A 29-year-old applicant holding a BA, MA, PGDCA, and MSc (with ~1.5 years of work experience) asked which programs would realistically consider their profile for a study visa, having initially been looking at a 2-year diploma.
- A diploma after two master's degrees is a visa-refusal risk. A member warned that applying for a lower-level diploma when you already hold two master's degrees strongly increases refusal risk, since officers look for logical program progression. If a diploma is still the goal, they suggested a 1-year course over a 2-year one, since the shorter program is easier to justify as a targeted skills top-up rather than 'starting over.'
- A research-oriented program is a stronger alternative. The same member suggested pivoting toward a research program, which better fits an applicant's existing academic depth than a foundational diploma would.
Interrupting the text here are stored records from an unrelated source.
(* There exists an $\widetilde{O}(\sqrt{n}+D)$-round randomized $\mathsf{CONGEST}$ algorithm that lets each vertex $v_i$ of $P$ learn its index $i$, the distance from $s$ to $v_i$, and the distance from $v_i$ to $t$, with high probability.
   Context: $G=(V,E)$ is a directed graph with $n=|V|$ whose edges are either unweighted or carry positive integer weights bounded by a polynomial in $n$. $G$ is the communication network (communication over edges in both directions); $D$ is the diameter of the underlying undirected unweighted graph. $\mathsf{CONGEST}$: synchronous rounds, each vertex may send an $O(\log n)$-bit message to each neighbour per round, unique $O(\log n)$-bit identifiers, unlimited local computation. "With high probability" means with probability $1-1/\operatorname{poly}(n)$. $P=(s=v_0,v_1,\dots,v_{h_{st}}=t)$ is a given shortest $s$-$t$ path. Initially the only knowledge about $P$ is: both endpoints of each edge of $P$ know that the edge belongs to $P$, $s$ knows it is the source and $t$ knows it is the target. *)

theory Defs
  imports Complex_Main
begin
(* In the setting described in the context, assume $$\sum_{x\in A}\alpha_x<\sum_{y\in N(A)}\beta_y\qquad\text{for all nonempty } A\subseteq\mathcal X,$$ where $N(A)=\bigcup_{x\in A}N_x$. Then $W(t)$, restricted to the set $\mathcal W$ of allocation states, is an ergodic time-reversible Markov process whose unique invariant probability measure is $$\mu_\gamma(W)=\frac{\binom{\alpha}{W}e^{\gamma\Psi(W)}}{\sum_{W'\in\mathcal W}\binom{\alpha}{W'}e^{\gamma\Psi(W')}},\qquad W\in\mathcal W,$$ where $\binom{\alpha}{W}=\frac{\prod_x\alpha_x!}{\prod_{x,y}W_{xy}!}$ and $\Psi(W)=\sum_{y}\sum_{s=0}^{W_y}[\lambda_y-k_cs/\beta_y]+k_a\sum_{x,y}\sum_{s=0}^{W_{xy}}s$.
   Context: $\mathcal X$ is a finite set of units, $\mathcal G=(\mathcal X,\mathcal E)$ a directed graph, $N_x=\{y:(x,y)\in\mathcal E\}$, $\alpha_x,\beta_x$ non-negative integers. A partial allocation state is a matrix $W\in\mathbb N^{\mathcal X\times\mathcal X}$ with $W_{xy}=0$ whenever $(x,y)\notin\mathcal E$, $W^x:=\sum_yW_{xy}\le\alpha_x$, $W_y:=\sum_xW_{xy}\le\beta_y$; it is an allocation state if $W^x=\alpha_x$ for all $x$; $\mathcal W_p,\mathcal W$ denote these sets; $e_{xy}$ is the matrix unit. Fix reals $\lambda_y$, $k_c,k_a\ge0$, $\gamma>0$, and let $f_{xy}(W)=\lambda_y-k_cW_y/\beta_y+k_aW_{xy}$ (in $\Psi$ the $s=0$ term contributes $\lambda_y$). Let $\mathcal X^x(W)=\{y\in N_x:W_y<\beta_y\}$ and $p_y(W,x)=e^{\gamma f_{xy}(W+e_{xy})}/\sum_{y'\in\mathcal X^x(W)}e^{\gamma f_{xy'}(W+e_{xy'})}$. Let $P_{\rm all}(W,x),P_{\rm dis}(W,x)\ge0$ with sum $1$, $P_{\rm all}(W,x)=0$ if $W^x=\alpha_x$, $P_{\rm dis}(W,x)=0$ if $W^x=0$. $W(t)$ is the continuous-time Markov process on $\mathcal W_p$ in which each unit $x$ activates at the times of an independent Poisson clock of rate $\nu_x$, where (standing assumption of the paper) $\nu_x=\nu\alpha_x$ for some $\nu>0$; upon activation in state $W$, with probability $P_{\rm all}(W,x)$ unit $x$ chooses $y^*\in\mathcal X^x(W)$ with probability $p_{y^*}(W,x)$ and the state becomes $W+e_{xy^*}$ (nothing happens if $\mathcal X^x(W)=\emptyset$); with probability $P_{\rm dis}(W,x)$ it chooses $\bar y$ with probability $W_{x\bar y}/W^x$, then $y^*\in\mathcal X^x(W-e_{x\bar y})$ with probability $p_{y^*}(W-e_{x\bar y},x)$, and the state becomes $W-e_{x\bar y}+e_{xy^*}$. From an allocation state only distribution moves occur, so $\mathcal W$ is closed under the dynamics. *)

theory Defs
  imports Main Complex_Main
begin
- A concrete example that worked for others: one member pointed to the PGD in Project Management at Algoma University — a 2-year-designated program completable in as little as 16 months while still qualifying for the full 3-year PGWP.
- Not everyone agrees diplomas after a master's are a dead end — one reply pushed back on the blanket 'don't do a diploma after a master's' framing, suggesting outcomes vary by how the SOP frames continued/relevant learning.
Takeaway: if you already hold advanced degrees and want a shorter Canadian program, be ready to explain in your SOP why a diploma is a deliberate skills addition (not a downgrade), consider research-stream options, and look at programs like Algoma's PGD in Project Management that preserve PGWP eligibility despite a shorter duration.